▶ ASSIGNED TASK: Using the material that follows, work out how many lines include the word "mathcal". Your answer should be that number only.

▶ RECORDED DATA:
(* Let $\mathcal{I}$ be an interval hypergraph on $[n]$ closed under intersection, and let $A,B$ be acyclic orientations of $\mathcal{I}$. The following are equivalent: (a) $A\le B$ in $P_{\mathcal{I}}$; (b) $A(I)\le B(I)$ for all $I\in\mathcal{I}$; (c) $\sigma_A\le\tau_B$ in the weak order; (d) for all $i<j$ in $[n]$, $j\prec_A i$ implies $i\not\prec_B j$.
   Context: An interval hypergraph $\mathcal{I}$ on $[n]$ is a collection of intervals of $[n]$ containing all singletons; it is closed under intersection if $I,J\in\mathcal{I}$, $I\cap J\ne\varnothing$ imply $I\cap J\in\mathcal{I}$. An orientation is a map $O:\mathcal{I}\to[n]$ with $O(I)\in I$; it is acyclic if there are no $H_1,\dots,H_k$, $k\ge2$, with $O(H_{i+1})\in H_i\setminus\{O(H_i)\}$ for $i\in[k-1]$ and $O(H_1)\in H_k\setminus\{O(H_k)\}$. Orientations $O\ne O'$ are related by an increasing flip (from $O$ to $O'$) if there exist $1\le i<j\le n$ such that for all $H$: if $O(H)\ne O'(H)$ then $O(H)=i$, $O'(H)=j$; and if $\{i,j\}\subseteq H$ then $O(H)=i\iff O'(H)=j$. $P_{\mathcal{I}}$ is the transitive closure of the increasing flip relation on acyclic orientations. For a permutation $\pi$, $\mathrm{Or}_\pi(I)=\pi(\min\{j:\pi(j)\in I\})$; for each acyclic orientation $A$ the fiber $\{\pi:\mathrm{Or}_\pi=A\}$ is an interval of the weak order, denoted $[\sigma_A,\tau_A]$. The partial order $\prec_A$ on $[n]$ is the transitive closure of $A(I)\prec_A h$ for $I\in\mathcal{I}$, $h\in I\setminus\{A(I)\}$. *)

theory Defs
  imports Main "HOL-Combinatorics.Permutations"
begin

▶ REPLY: 2